How many grams of oxygen can be produced from 165 grams of Na3PO4?
In what reaction?
To determine how many grams of oxygen can be produced from 165 grams of Na3PO4, we need to utilize the stoichiometry of the balanced equation for the reaction.
First, we need to write down the balanced equation for the reaction in which Na3PO4 is decomposed into its constituent elements:
2Na3PO4 → 6Na + P2O5 + 5O2
From the equation, we can see that for every 2 moles of Na3PO4, we get 5 moles of oxygen.
Now, we need to convert the given mass of Na3PO4 (165 grams) into moles. We can do this by using the molar mass of Na3PO4, which is calculated by adding up the atomic masses of Na (sodium), P (phosphorus), and O (oxygen).
The atomic masses are:
Na = 22.99 g/mol
P = 30.97 g/mol
O = 16.00 g/mol
So, the molar mass of Na3PO4 is:
3(22.99) + 30.97 + 4(16.00) = 163.94 g/mol
Now, we can calculate the number of moles of Na3PO4 by dividing the given mass by its molar mass:
165 g / 163.94 g/mol = 1.005 mol
Using the stoichiometry from the balanced equation, we know that 2 moles of Na3PO4 yield 5 moles of oxygen. Therefore, we can set up a proportion to find the number of moles of oxygen produced from 1.005 mol of Na3PO4:
2 mol Na3PO4 / 5 mol O2 = 1.005 mol Na3PO4 / x mol O2
Cross-multiplying, we get:
2x = 5 * 1.005
2x = 5.025
x = 2.5125
Thus, 1.005 mol of Na3PO4 would produce approximately 2.5125 mol of oxygen.

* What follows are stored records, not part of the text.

lemma shift_down_shift_up [simp]: "shift_down r (shift_up r v) = v"
  unfolding shift_up_def shift_down_def by auto

lemma shift_up_shift_down: "v \<noteq> r \<Longrightarrow> shift_up r (shift_down r v) = v"
  unfolding shift_up_def shift_down_def by auto

definition insert_at :: "nat \<Rightarrow> nat \<Rightarrow> nat \<Rightarrow> (nat \<Rightarrow> nat) \<Rightarrow> nat \<Rightarrow> nat" where
  "insert_at n p r \<sigma> i =
     (if 1 \<le> i \<and> i \<le> p then shift_up r (\<sigma> i)
      else if i = p + 1 then r
      else if p + 2 \<le> i \<and> i \<le> n then shift_up r (\<sigma> (i - 1))
      else i)"

definition delete_at :: "nat \<Rightarrow> nat \<Rightarrow> (nat \<Rightarrow> nat) \<Rightarrow> nat \<Rightarrow> nat" where
  "delete_at n p \<pi> i =
     (if 1 \<le> i \<and> i \<le> p then shift_down (\<pi> (p + 1)) (\<pi> i)
      else if p + 1 \<le> i \<and> i \<le> n - 1 then shift_down (\<pi> (p + 1)) (\<pi> (i + 1))
      else i)"

lemma insert_at_permutes:
  assumes "\<sigma> permutes {1..n - 1}" "p \<le> n - 1" "r \<in> {1..n}"
  shows "insert_at n p r \<sigma> permutes {1..n}"
proof (rule inj_imp_permutes)
  have range: "\<sigma> u \<in> {1..n - 1}" if "u \<in> {1..n - 1}" for u
    using permutes_in_image[OF assms(1)] that by blast
  have inj: "\<sigma> u = \<sigma> v \<Longrightarrow> u = v" for u v using permutes_inj[OF assms(1)] by (auto dest: injD)
  have shift_up_inj: "shift_up r x = shift_up r y \<Longrightarrow> x = y" for x y
    unfolding shift_up_def by (auto split: if_splits)
  have shift_up_ne: "shift_up r x \<noteq> r" for x unfolding shift_up_def by auto
  show "inj_on (insert_at n p r \<sigma>) {1..n}"
  proof (rule inj_onI)
    fix u v
    assume "u \<in> {1..n}" "v \<in> {1..n}" "insert_at n p r \<sigma> u = insert_at n p r \<sigma> v"
    then show "u = v" unfolding insert_at_def using assms(2)
      by (auto split: if_splits dest!: shift_up_inj inj simp: shift_up_ne shift_up_ne[symmetric])
  qed
  have shift_up_range: "shift_up r v \<in> {1..n}" if "v \<in> {1..n - 1}" for v
    using that unfolding shift_up_def by auto
  show "insert_at n p r \<sigma> x \<in> {1..n}" if x: "x \<in> {1..n}" for x
  proof -
    consider "x \<le> p" | "x = p + 1" | "p + 2 \<le> x" by linarith
    then show ?thesis
    proof cases
      case 1
      then show ?thesis using x assms(2) shift_up_range[OF range[of x]] unfolding insert_at_def by auto
    next
      case 3
      then have "x - 1 \<in> {1..n - 1}" using x by auto
      then show ?thesis using 3 x shift_up_range[OF range] unfolding insert_at_def by auto
    qed (use assms(3) in \<open>simp add: insert_at_def\<close>)
  qed
  show "insert_at n p r \<sigma> x = x" if "x \<notin> {1..n}" for x
    using that assms(2,3) unfolding insert_at_def by auto
qed simp

lemma delete_at_permutes:
  assumes "\<pi> permutes {1..n}" "p + 1 \<le> n"
  shows "delete_at n p \<pi> permutes {1..n - 1}"
proof (rule inj_imp_permutes)
  define r where "r = \<pi> (p + 1)"
  have range: "\<pi> u \<in> {1..n}" if "u \<in> {1..n}" for u
    using permutes_in_image[OF assms(1)] that by blast
  have inj: "\<pi> u = \<pi> v \<Longrightarrow> u = v" for u v using permutes_inj[OF assms(1)] by (auto dest: injD)
  then have ne_r: "\<pi> u \<noteq> r" if "u \<noteq> p + 1" for u using that unfolding r_def by metis
  have shift_down_inj: "x = y" if "x \<noteq> r" "y \<noteq> r" "shift_down r x = shift_down r y" for x y
    using that unfolding shift_down_def by (auto split: if_splits)
  have "\<pi> u = \<pi> v" if "u \<noteq> p + 1" "v \<noteq> p + 1" "shift_down r (\<pi> u) = shift_down r (\<pi> v)" for u v
    using shift_down_inj[OF ne_r ne_r] that by blast
  note shift_down_\<pi>_inj = inj[OF this]
  show "inj_on (delete_at n p \<pi>) {1..n - 1}"
  proof (rule inj_onI)
    fix u v
    assume "u \<in> {1..n - 1}" "v \<in> {1..n - 1}" "delete_at n p \<pi> u = delete_at n p \<pi> v"
    then show "u = v" unfolding delete_at_def r_def[symmetric]
      using shift_down_\<pi>_inj[of u v] shift_down_\<pi>_inj[of "Suc u" v] shift_down_\<pi>_inj[of u "Suc v"]
        shift_down_\<pi>_inj[of "Suc u" "Suc v"]
      by (auto split: if_splits)
  qed
  have "r \<in> {1..n}" unfolding r_def using range assms(2) by simp
  then have "shift_down r v \<in> {1..n - 1}" if "v \<in> {1..n}" "v \<noteq> r" for v
    using that unfolding shift_down_def by auto
  then show "delete_at n p \<pi> x \<in> {1..n - 1}" if "x \<in> {1..n - 1}" for x
    using that range ne_r unfolding delete_at_def r_def[symmetric] by auto
  show "delete_at n p \<pi> x = x" if "x \<notin> {1..n - 1}" for x
    using that assms(2) unfolding delete_at_def by auto
qed simp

Finally, to convert the moles of oxygen to grams, we use the molar mass of oxygen (O):
Molar mass of O = 16.00 g/mol
So, the mass of oxygen produced from 165 grams of Na3PO4 would be:
2.5125 mol * 16.00 g/mol = 40.20 grams
Therefore, approximately 40.20 grams of oxygen can be produced from 165 grams of Na3PO4.